You might have heard about the “green” comet. It’s been lurking around in the Corona Borealis constellation for a while and is now moving over between the Big Dipper and Little Dipper, headed toward Casseopeia. All of those are fairly bright constellations near the north celestial pole, so in theory the comet should be easy-ish to find.
It’s just now growing to be bright enough to be visible to the naked eye – if you’re in a dark location with no light pollution and a cloud-free, haze-free sky. “If” carries a lot of weight in that sentence. The Los Angeles suburbs and the infamous San Fernando Valley have none of those things.
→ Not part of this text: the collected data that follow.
lemma pow_annihilator_subset_primeideal:
  assumes "primeideal P R" "s \<in> S" "s \<in> carrier R" "s \<notin> P"
  shows "pow_annihilator R S \<subseteq> P"
proof
  fix v assume "v \<in> pow_annihilator R S"
  then obtain k where v: "v \<in> carrier R" "v \<otimes> s [^] (k::nat) = \<zero>"
    using assms(2) unfolding pow_annihilator_def by blast
  then have "v \<otimes> s [^] k \<in> P"
    using additive_subgroup.zero_closed[OF ideal.axioms(1)[OF primeideal.axioms(1)[OF assms(1)]]] by simp
  then have "v \<in> P \<or> s [^] k \<in> P"
    using primeideal.I_prime[OF assms(1) v(1)] assms(3) by simp
  then show "v \<in> P" using primeideal_nat_pow_mem[OF assms(1,3)] assms(4) by blast
qed

lemma pow_annihilator_not_subset:
  assumes Q: "primeideal Q R" and "finite S" "S \<subseteq> carrier R"
    and below: "\<And>s Q'. s \<in> S \<Longrightarrow> primeideal Q' R \<Longrightarrow> Q' \<subseteq> Q \<Longrightarrow> s \<in> Q'"
  shows "\<not> pow_annihilator R S \<subseteq> Q"
  using assms(2-4)
proof (induction S rule: finite_induct)
  case empty
  then show ?case using primeideal_one_notin[OF Q] by auto
next
  case (insert p S)
  have p: "p \<in> carrier R" and S: "S \<subseteq> carrier R" using insert.prems(1) by auto
  have "\<not> pow_annihilator R S \<subseteq> Q"
    by (rule insert.IH[OF S]) (use insert.prems(2) in blast)
  then obtain v where v: "v \<in> pow_annihilator R S" "v \<notin> Q" by blast
  have "\<exists>u\<in>carrier R - Q. \<exists>k::nat. u \<otimes> p [^] k = \<zero>"
  proof (rule ccontr)
    assume no_zero: "\<not> ?thesis"
    define T where "T = {u \<otimes> p [^] (k::nat) | u k. u \<in> carrier R - Q}"
    \<comment> \<open>a prime disjoint from the multiplicative set T lies in Q and contains no power of p\<close>
    have disj: "{\<zero>} \<inter> T = {}"
    proof (rule ccontr)
      assume "{\<zero>} \<inter> T \<noteq> {}"
      then obtain u k where "u \<otimes> p [^] (k::nat) = \<zero>" "u \<in> carrier R - Q"
        unfolding T_def by auto
      then show False using no_zero by blast
    qed
    have one: "\<one> \<in> T" unfolding T_def using primeideal_one_notin[OF Q]
      by (auto intro!: exI[of _ \<one>] exI[of _ "0::nat"])
    have mult: "a \<otimes> b \<in> T" if ab: "a \<in> T" "b \<in> T" for a b
    proof -
      obtain u k u' k' where uk: "a = u \<otimes> p [^] (k::nat)" "u \<in> carrier R - Q"
        "b = u' \<otimes> p [^] (k'::nat)" "u' \<in> carrier R - Q"
        using ab unfolding T_def by blast
      then have "a \<otimes> b = (u \<otimes> u') \<otimes> p [^] (k + k')"
        using p by (simp add: nat_pow_mult[symmetric] m_ac)
      moreover have "u \<otimes> u' \<in> carrier R - Q" using uk primeideal_mult_notin[OF Q] by simp
      ultimately show ?thesis unfolding T_def by blast
    qed
    obtain Q' where Q': "primeideal Q' R" "Q' \<inter> T = {}"
      using exists_primeideal_disjoint[OF zeroideal disj one mult] by blast
    have "Q' \<subseteq> Q"
    proof
      fix x assume "x \<in> Q'"
      then have "x \<in> carrier R" using ideal.Icarr[OF primeideal.axioms(1)[OF Q'(1)]] by blast
      then have "x \<notin> Q \<Longrightarrow> x \<otimes> p [^] (0::nat) \<in> T" unfolding T_def by blast
      then show "x \<in> Q" using \<open>x \<in> carrier R\<close> \<open>x \<in> Q'\<close> Q'(2) by auto
    qed
    then have "p \<in> Q'" using insert.prems(2) Q'(1) by blast
    moreover have "\<one> \<otimes> p [^] (1::nat) \<in> T"
      unfolding T_def using primeideal_one_notin[OF Q] by blast
    ultimately show False using Q'(2) p by auto
  qed
  then obtain u where u: "u \<in> pow_annihilator R {p}" "u \<notin> Q"
    unfolding pow_annihilator_def by auto
  have "u \<otimes> v \<in> pow_annihilator R (insert p S)"
    using pow_annihilator_mult[OF u(1) v(1)] p S by simp
  moreover have "u \<otimes> v \<notin> Q"
    using primeideal_mult_notin[OF Q _ _ u(2) v(2)] u(1) v(1) unfolding pow_annihilator_def by blast
  ultimately show ?case by blast
qed

lemma nilpotent_if_mem_all_primeideals:
  assumes "p \<in> carrier R" and mem: "\<And>Q. primeideal Q R \<Longrightarrow> p \<in> Q"
  obtains k :: nat where "p [^] k = \<zero>"
proof -
  have "\<one> \<in> pow_annihilator R {p}"
  proof (rule ccontr)
    assume "\<one> \<notin> pow_annihilator R {p}"
    then obtain M where M: "maximalideal M R" "pow_annihilator R {p} \<subseteq> M"
      using exists_maximalideal_superset[OF pow_annihilator_ideal] assms(1) by blast
    show False
      using pow_annihilator_not_subset[OF maximalideal_prime[OF M(1)]] M(2) mem assms(1) by auto
  qed
  then show ?thesis using that assms(1) unfolding pow_annihilator_def by auto
qed

lemma loc_rel_refl:
  assumes "x \<in> carrier R" "s \<in> S" "S \<subseteq> carrier R"
  shows "((x, s), (x, s)) \<in> loc_rel R S"
proof -
  have "s \<otimes> (x \<otimes> s \<ominus> x \<otimes> s) = \<zero>" using assms by (auto simp: a_minus_def r_neg)
  then show ?thesis unfolding loc_rel_def using assms by blast
qed

lemma loc_rel_prime_mem:
  assumes rel: "((x, s), (y, t)) \<in> loc_rel R S"
    and "S \<subseteq> carrier R" and Q: "primeideal Q R" "S \<inter> Q = {}" and "x \<in> Q"
  shows "y \<in> Q"
proof -
  interpret Q: primeideal Q R by (fact Q(1))
  obtain u where u: "u \<in> S" "u \<otimes> (x \<otimes> t \<ominus> y \<otimes> s) = \<zero>"
    and c: "x \<in> carrier R" "y \<in> carrier R" "s \<in> S" "t \<in> S"
    using rel unfolding loc_rel_def by blast
  have S: "u \<in> carrier R" "s \<in> carrier R" "t \<in> carrier R" "u \<notin> Q" "s \<notin> Q"
    using u(1) c(3,4) Q(2) \<open>S \<subseteq> carrier R\<close> by auto
  have "u \<otimes> (x \<otimes> t \<ominus> y \<otimes> s) \<in> Q" using u(2) Q.zero_closed by simp
  moreover have "x \<otimes> t \<ominus> y \<otimes> s \<in> carrier R" using S c by simp
  ultimately have diff: "x \<otimes> t \<ominus> y \<otimes> s \<in> Q" using Q.I_prime[OF S(1)] S(4) by blast
  have "y \<otimes> s = x \<otimes> t \<ominus> (x \<otimes> t \<ominus> y \<otimes> s)" using c S by algebra
  also have "\<dots> \<in> Q" using diff \<open>x \<in> Q\<close> S(3) by (simp add: Q.I_r_closed a_minus_def)
  finally show "y \<in> Q" using Q.I_prime[OF c(2) S(2)] S(5) by blast
qed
Which is why I’m using binoculars, which in theory at this point should make the comet easily visible – if I’m looking in the right place.
So I’m using a map – this one from TheSkyLive.com is really good. Just make sure you have it set for the correct time and location.
For the past four nights I’ve looked, but haven’t seen it yet. On the other hand, to our north it’s been hazy as all get out, some times tough to even seen the bright stars of The Big Dipper, even with binoculars. With a faint, diffuse comet being that much harder to see, I’m not surprised.
But tonight is much more clear, so I’m going to go back out. We’ll see what we’ll see.
Comet ZTF will be getting more bright and rising higher in the sky for Northern Hemisphere viewers over the next several weeks. If you’re up late, like near midnight, or at least after 22:00, go take a look!